Monitoring plaque stability and event rates
Progression of calcified plaque, as measured by EBT imaging, of < 15% annually was associated with a 17 fold reduction in events compared to progression in patients taking lipitor. This was independent of LDL response to lipitor. The higher the initial calcium score, the greater the difference in event rates between stability and progression of plaque. (Arteriosclerosis, Thrombosis, and Vascular Biology 2004;24:1272) A second study found a 13 fold difference across the board regardless of therapeutic status (Raggi, Shaw, Callister, Budoff; JACC 2003) Dan, I can respect a doubling of risk however when you see a 13 to 17 fold increase in risk based on calcium progression, one must stand up and take notice.
monitoring plaque progression
Bill, I was responding to the comment that there is no reliable way to monitor plaque non-invasively. I do not think that carotid plaque area or volume regression is the only way to monitor plaque; CAC is another. You could also do serial ABI testing, or do what nephrologists do – measure protein and microalbuminuria in the urine (which also responds to many of the same interventions that we use in CAD). One advantage of US over CAC is that there is zero radiation burden for US (yes, I know that modern CT has brought the radiation burden down, but it still not zero as in ultrasound). In addition, I have seen patients with CAD who have very little CAC but tremendous carotid atheroma, and vice versa. So perhaps using both techniques is the way to go, given that atherosclerosis is both a focal and systemic disease. Measuring risk factors alone, and patting ourselves on the back when we have reached them, does a grave disservice to patients (many of whom will present with further events).

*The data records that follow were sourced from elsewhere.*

text \<open>
  Suppose \<open>Im p\<close> does not vanish identically near some \<open>(t\<^sub>0, w\<^sub>0)\<close> with
  \<open>t\<^sub>0 \<in> I\<^sub>\<kappa>\<close>. The strong sign change supplies \<open>s\<^sub>- < a\<close> and \<open>s\<^sub>+ > b\<close>, arbitrarily close
  to \<open>a\<close> and \<open>b\<close>, with \<open>Im p(s\<^sub>-, w\<^sub>0) < 0 < Im p(s\<^sub>+, w\<^sub>0)\<close>; by continuity these signs
  persist at nearby \<open>w\<close>, and there is such a \<open>w\<close> with \<open>Im p(t, w) \<noteq> 0\<close> for some \<open>t\<close>
  near \<open>t\<^sub>0\<close>. Independence of \<open>\<xi>\<^sub>1\<close> lets us take \<open>w\<close> in \<open>{\<xi>\<^sub>1 = 0}\<close>, so that
  \<open>[s\<^sub>-, s\<^sub>+] \<times> {w}\<close> is a bicharacteristic. By the intermediate value argument,
  \<open>Im p(\<cdot>, w)\<close> changes sign strongly on a subinterval of \<open>[s\<^sub>-, t]\<close> or of \<open>[t, s\<^sub>+]\<close>,
  both of length at most \<open>|\<gamma>| - \<kappa> + o(1)\<close>. These bicharacteristics converge to \<open>\<gamma>\<close>,
  so \<open>L\<^sub>p(\<gamma>) \<le> |\<gamma>| - \<kappa> < |\<gamma>| - \<rho>\<close>, a contradiction.
\<close>

lemma last_negative_point:
  fixes g :: "real \<Rightarrow> real"
  assumes cont: "continuous_on {u..v} g" and "u \<le> v" and "g u < 0" and "0 \<le> g v"
  obtains c where "u \<le> c" "c \<le> v" "g c = 0" "\<And>s. c \<le> s \<Longrightarrow> s \<le> v \<Longrightarrow> 0 \<le> g s"
    "\<And>e. 0 < e \<Longrightarrow> \<exists>s. c - e < s \<and> s < c \<and> g s < 0"
proof -
  define N where "N = {s\<in>{u..v}. g s < 0}"
  define c where "c = Sup N"
  have "u \<in> N" using \<open>g u < 0\<close> \<open>u \<le> v\<close> by (simp add: N_def)
  then have ne: "N \<noteq> {}" by blast
  have bdd: "bdd_above N" by (auto simp: N_def intro: bdd_aboveI[of _ v])
  have below_c: "s \<le> c" if "s \<in> N" for s
    using cSup_upper[OF that bdd] by (simp add: c_def)
  have "u \<le> c" using below_c[OF \<open>u \<in> N\<close>] .
  have "c \<le> v" unfolding c_def by (rule cSup_least[OF ne]) (auto simp: N_def)
  have nonneg: "0 \<le> g s" if "c < s" "s \<le> v" for s
  proof (rule ccontr)
    assume "\<not> 0 \<le> g s"
    with that \<open>u \<le> c\<close> have "s \<in> N" by (simp add: N_def)
    with below_c \<open>c < s\<close> show False by fastforce
  qed
  have "N \<subseteq> {u..v}" by (auto simp: N_def)
  then have "closure N \<subseteq> {u..v}" by (rule closure_minimal) simp
  then have "continuous_on (closure N) g" by (rule continuous_on_subset[OF cont])
  moreover have "c \<in> closure N"
    using closure_contains_Sup[OF ne bdd] by (simp add: c_def)
  ultimately have "g c \<le> 0"
    by (rule continuous_le_on_closure) (simp add: N_def)
  moreover have "0 \<le> g c"
  proof (cases "c = v")
    case False
    with \<open>c \<le> v\<close> have closure: "closure {c<..v} = {c..v}" by simp
    have "continuous_on (closure {c<..v}) g"
      unfolding closure using \<open>u \<le> c\<close> by (intro continuous_on_subset[OF cont]) simp
    moreover have "c \<in> closure {c<..v}" using closure \<open>c \<le> v\<close> by simp
    ultimately show ?thesis
      by (rule continuous_ge_on_closure) (simp add: nonneg)
  qed (use \<open>0 \<le> g v\<close> in simp)
  ultimately have "g c = 0" by simp
  have "0 \<le> g s" if "c \<le> s" "s \<le> v" for s
    using nonneg[of s] that \<open>g c = 0\<close> by (cases "s = c") auto
  moreover have "\<exists>s. c - e < s \<and> s < c \<and> g s < 0" if e: "0 < e" for e
  proof -
    obtain s where "s \<in> N" "c - e < s"
      using less_cSup_iff[OF ne bdd, of "c - e"] e by (auto simp: c_def)
    moreover have "s \<noteq> c" using \<open>s \<in> N\<close> \<open>g c = 0\<close> by (auto simp: N_def)
    ultimately show ?thesis using below_c[of s] by (auto simp: N_def)
  qed
  ultimately show ?thesis using that \<open>u \<le> c\<close> \<open>c \<le> v\<close> \<open>g c = 0\<close> by blast
qed

text \<open>Proved by applying the previous lemma to \<open>s \<mapsto> -g(-s)\<close>.\<close>

lemma first_positive_point:
  fixes g :: "real \<Rightarrow> real"
  assumes cont: "continuous_on {u..v} g" and "u \<le> v" and "g u \<le> 0" and "0 < g v"
  obtains d where "u \<le> d" "d \<le> v" "g d = 0" "\<And>s. u \<le> s \<Longrightarrow> s \<le> d \<Longrightarrow> g s \<le> 0"
    "\<And>e. 0 < e \<Longrightarrow> \<exists>s. d < s \<and> s < d + e \<and> 0 < g s"
proof -
  have "continuous_on {-v..-u} (\<lambda>s. - g (- s))"
    by (rule continuous_on_minus, rule continuous_on_compose2[OF cont])
      (auto intro: continuous_intros)
  moreover have "-v \<le> -u" "- g (- (- v)) < 0" "0 \<le> - g (- (- u))"
    using assms by auto
  ultimately obtain c where c: "-v \<le> c" "c \<le> -u" "g (- c) = 0"
      "\<And>s. c \<le> s \<Longrightarrow> s \<le> -u \<Longrightarrow> 0 \<le> - g (- s)"
      "\<And>e. 0 < e \<Longrightarrow> \<exists>s. c - e < s \<and> s < c \<and> - g (- s) < 0"
    by (rule last_negative_point) auto
  have "g s \<le> 0" if "u \<le> s" "s \<le> -c" for s
    using c(4)[of "- s"] that by simp
  moreover have "\<exists>s. - c < s \<and> s < - c + e \<and> 0 < g s" if e: "0 < e" for e
  proof -
    obtain s where "c - e < s" "s < c" "- g (- s) < 0" using c(5)[OF e] by blast
    then show ?thesis by (intro exI[of _ "- s"]) auto
  qed
  ultimately show ?thesis using that[of "- c"] c(1-3) by auto
qed

lemma strong_sign_change_in_interval:
  fixes g :: "real \<Rightarrow> real"
  assumes cont: "continuous_on {u..v} g" and "u \<le> v" and "g u < 0" and "0 < g v"
  obtains c d where "u \<le> c" "c \<le> d" "d \<le> v" "\<forall>s\<in>{c..d}. g s = 0"
    "\<forall>e>0. \<exists>sm sp. c - e < sm \<and> sm < c \<and> d < sp \<and> sp < d + e \<and> g sm < 0 \<and> 0 < g sp"
proof -
  obtain c where c: "u \<le> c" "c \<le> v" "g c = 0" "\<And>s. c \<le> s \<Longrightarrow> s \<le> v \<Longrightarrow> 0 \<le> g s"
      "\<And>e. 0 < e \<Longrightarrow> \<exists>s. c - e < s \<and> s < c \<and> g s < 0"
    using cont \<open>u \<le> v\<close> \<open>g u < 0\<close> less_imp_le[OF \<open>0 < g v\<close>]
    by (rule last_negative_point) blast
  have cont_cv: "continuous_on {c..v} g"
    using \<open>u \<le> c\<close> by (intro continuous_on_subset[OF cont]) auto
  have "g c \<le> 0" using \<open>g c = 0\<close> by simp
  obtain d where d: "c \<le> d" "d \<le> v" "g d = 0" "\<And>s. c \<le> s \<Longrightarrow> s \<le> d \<Longrightarrow> g s \<le> 0"
      "\<And>e. 0 < e \<Longrightarrow> \<exists>s. d < s \<and> s < d + e \<and> 0 < g s"
    using cont_cv \<open>c \<le> v\<close> \<open>g c \<le> 0\<close> \<open>0 < g v\<close>
    by (rule first_positive_point) blast
  have "\<forall>s\<in>{c..d}. g s = 0"
    using c(4) d(2,4) by (auto intro: antisym)
  moreover have "\<forall>e>0. \<exists>sm sp. c - e < sm \<and> sm < c \<and> d < sp \<and> sp < d + e \<and> g sm < 0 \<and> 0 < g sp"
    using c(5) d(5) by blast
  ultimately show ?thesis using that c(1) d(1,2) by blast
qed

lemma ereal_le_Liminf_of_lower_bounds:
  fixes f e :: "nat \<Rightarrow> real"
  assumes "\<And>j. c - e j \<le> f j" and "e \<longlonglongrightarrow> 0"
  shows "ereal c \<le> liminf (\<lambda>j. ereal (f j))"
proof -
  have "(\<lambda>j. ereal (c - e j)) \<longlonglongrightarrow> ereal c"
    using tendsto_diff[OF tendsto_const \<open>e \<longlonglongrightarrow> 0\<close>, of c] by (simp add: tendsto_ereal)
  then have "ereal c = liminf (\<lambda>j. ereal (c - e j))"
    using lim_imp_Liminf by force
  also have "\<dots> \<le> liminf (\<lambda>j. ereal (f j))"
    using assms(1) by (intro Liminf_mono) simp
  finally show ?thesis .
qed

lemma Limsup_le_ereal_of_upper_bounds:
  fixes f e :: "nat \<Rightarrow> real"
  assumes "\<And>j. f j \<le> c + e j" and "e \<longlonglongrightarrow> 0"
  shows "limsup (\<lambda>j. ereal (f j)) \<le> ereal c"
proof -
  have "limsup (\<lambda>j. ereal (f j)) \<le> limsup (\<lambda>j. ereal (c + e j))"
    using assms(1) by (intro Limsup_mono) simp
  also have "(\<lambda>j. ereal (c + e j)) \<longlonglongrightarrow> ereal c"
    using tendsto_add[OF tendsto_const \<open>e \<longlonglongrightarrow> 0\<close>, of c] by (simp add: tendsto_ereal)
  then have "limsup (\<lambda>j. ereal (c + e j)) = ereal c"
    using lim_imp_Limsup by force
  finally show ?thesis .
qed

lemma LIMSEQ_of_dist_le:
  assumes "\<And>j. dist (X j) x \<le> e j" and "e \<longlonglongrightarrow> 0"
  shows "X \<longlonglongrightarrow> x"
proof -
  have "\<forall>\<^sub>F j in sequentially. norm (dist (X j) x) \<le> e j"
    using assms(1) by (simp add: always_eventually)
  then have "(\<lambda>j. dist (X j) x) \<longlonglongrightarrow> 0"
    using \<open>e \<longlonglongrightarrow> 0\<close> by (rule Lim_null_comparison)
  then show ?thesis by (simp only: tendsto_dist_iff[of X x])
qed

lemma frequently_nhds_notin_if_notin_interior:
  assumes "x \<notin> interior S"
  shows "frequently (\<lambda>y. y \<notin> S) (nhds x)"
  unfolding frequently_def not_not
proof
  assume "eventually (\<lambda>y. y \<in> S) (nhds x)"
  then obtain T where "open T" "x \<in> T" "\<forall>y\<in>T. y \<in> S"
    unfolding eventually_nhds by blast
  then have "x \<in> interior S" by (auto simp: interior_def)
  with assms show False by contradiction
qed

lemma open_cotangent_minus_zero: "open cotangent_minus_zero"
  unfolding cotangent_minus_zero_def by (intro open_Collect_neq continuous_intros)
lemma diagonalization_quadratic_form:
  fixes A U D :: "real mat"
  assumes U: "U \<in> carrier_mat n n" and D: "D \<in> carrier_mat n n"
    and UU: "transpose_mat U * U = 1\<^sub>m n" and dD: "diagonal_mat D"
    and AUD: "A = U * D * transpose_mat U" and y: "y \<in> carrier_vec n"
  shows "y \<bullet> (A *\<^sub>v y) = (\<Sum>i<n. D $$ (i, i) * (col U i \<bullet> y)\<^sup>2)"
    and "y \<bullet> y = (\<Sum>i<n. (col U i \<bullet> y)\<^sup>2)"
proof -
  define z where "z = transpose_mat U *\<^sub>v y"
  have UT: "transpose_mat U \<in> carrier_mat n n" using U by simp
  have UU': "U * transpose_mat U = 1\<^sub>m n" using mat_mult_left_right_inverse[OF UT U UU] .
  have z: "z \<in> carrier_vec n" unfolding z_def using U y by simp
  have zi: "z $ i = col U i \<bullet> y" if "i < n" for i unfolding z_def using U that by simp
  have Dz: "(D *\<^sub>v z) $ i = D $$ (i, i) * z $ i" if i: "i < n" for i
  proof -
    have "(D *\<^sub>v z) $ i = (\<Sum>j\<in>{0..<n}. D $$ (i, j) * z $ j)"
      using D z i by (simp add: scalar_prod_def)
    also have "\<dots> = D $$ (i, i) * z $ i"
      by (rule sum.remove[THEN trans, of _ i])
        (use i dD D in \<open>auto simp: diagonal_mat_def intro!: sum.neutral\<close>)
    finally show ?thesis .
  qed
  have "A = U * (D * transpose_mat U)" using AUD U D UT by simp
  hence "A *\<^sub>v y = U *\<^sub>v ((D * transpose_mat U) *\<^sub>v y)"
    using assoc_mult_mat_vec[OF U mult_carrier_mat[OF D UT] y] by simp
  also have "(D * transpose_mat U) *\<^sub>v y = D *\<^sub>v z"
    unfolding z_def using assoc_mult_mat_vec[OF D UT y] .
  finally have "A *\<^sub>v y = U *\<^sub>v (D *\<^sub>v z)" .
  hence "y \<bullet> (A *\<^sub>v y) = z \<bullet> (D *\<^sub>v z)"
    using transpose_vec_mult_scalar[OF U, of "D *\<^sub>v z" y] D z y unfolding z_def by simp
  also have "\<dots> = (\<Sum>i<n. D $$ (i, i) * (col U i \<bullet> y)\<^sup>2)"
    using z D Dz zi by (simp add: scalar_prod_def lessThan_atLeast0 power2_eq_square mult_ac)
  finally show "y \<bullet> (A *\<^sub>v y) = (\<Sum>i<n. D $$ (i, i) * (col U i \<bullet> y)\<^sup>2)" .
  have "y \<bullet> y = y \<bullet> ((U * transpose_mat U) *\<^sub>v y)" using UU' y by simp
  also have "\<dots> = z \<bullet> z"
    using transpose_vec_mult_scalar[OF U z y] U UT y unfolding z_def by simp
  also have "\<dots> = (\<Sum>i<n. (col U i \<bullet> y)\<^sup>2)"
    using z zi by (simp add: scalar_prod_def lessThan_atLeast0 power2_eq_square)
  finally show "y \<bullet> y = (\<Sum>i<n. (col U i \<bullet> y)\<^sup>2)" .
qed

lemma second_eigenvalue_quadratic_form_bound:
  fixes A :: "real mat"
  assumes A: "A \<in> carrier_mat n n" and symA: "transpose_mat A = A" and n: "n \<ge> 2"
  shows "\<exists>p \<in> carrier_vec n. \<forall>y \<in> carrier_vec n. p \<bullet> y = 0 \<longrightarrow>
           y \<bullet> (A *\<^sub>v y) \<le> eigenvalues_desc A ! 1 * (y \<bullet> y)"
proof -
  obtain U D where U: "U \<in> carrier_mat n n" and D: "D \<in> carrier_mat n n"
    and UU: "transpose_mat U * U = 1\<^sub>m n" and dD: "diagonal_mat D"
    and AUD: "A = U * D * transpose_mat U"
    using real_symmetric_orthogonal_diagonalization[OF A symA] by blast
  define ds where "ds = diag_mat D"
  have lends: "length ds = n" unfolding ds_def diag_mat_def using D by simp
  have dsi: "ds ! i = D $$ (i, i)" if "i < n" for i unfolding ds_def diag_mat_def using D that by simp
  have ev: "eigenvalues_desc A = rev (sort ds)"
    unfolding ds_def by (rule eigenvalues_desc_diagonalization[OF A U D UU dD AUD])
  obtain i0 where i0: "i0 < n" and i0max: "\<And>j. j < n \<Longrightarrow> ds ! j \<le> ds ! i0"
  proof -
    have "ds \<noteq> []" using lends n by auto
    hence "Max (set ds) \<in> set ds" by simp
    then obtain i where "i < n" "ds ! i = Max (set ds)" using lends by (metis in_set_conv_nth)
    thus thesis using that lends by (metis Max_ge finite_set nth_mem)
  qed
  \<comment> \<open>orthogonality to the top eigenvector leaves only the eigenvalues \<open>\<le> \<lambda>\<^sub>2\<close>\<close>
  have "y \<bullet> (A *\<^sub>v y) \<le> eigenvalues_desc A ! 1 * (y \<bullet> y)"
    if y: "y \<in> carrier_vec n" and py: "col U i0 \<bullet> y = 0" for y
  proof -
    have "(\<Sum>i<n. D $$ (i, i) * (col U i \<bullet> y)\<^sup>2)
        \<le> (\<Sum>i<n. eigenvalues_desc A ! 1 * (col U i \<bullet> y)\<^sup>2)"
    proof (rule sum_mono)
      fix i assume "i \<in> {..<n}"
      hence "i = i0 \<or> D $$ (i, i) \<le> eigenvalues_desc A ! 1"
        using nth_le_second_largest[of i0 ds i] i0 i0max lends dsi unfolding ev by fastforce
      thus "D $$ (i, i) * (col U i \<bullet> y)\<^sup>2 \<le> eigenvalues_desc A ! 1 * (col U i \<bullet> y)\<^sup>2"
        using py by (auto intro: mult_right_mono)
    qed
    thus ?thesis
      unfolding diagonalization_quadratic_form[OF U D UU dD AUD y] by (simp add: sum_distrib_left)
  qed
  moreover have "col U i0 \<in> carrier_vec n" using U by (metis carrier_matD(1) carrier_vecI col_dim)
  ultimately show ?thesis by blast
qed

This individuals first ischemic presentation may be his last. The decreased LV function with exertion in the face of L main and multivessel disease is enough for me to recommend CABG. The patient may choose not to follow this recommendation , but should be educated on the possibilkity of SCD due to his ischemic burden.
High dose/potent statins, B-blocker therapy and antiplatelets should be mainstay. I would also look at ACEI for endothelial effects.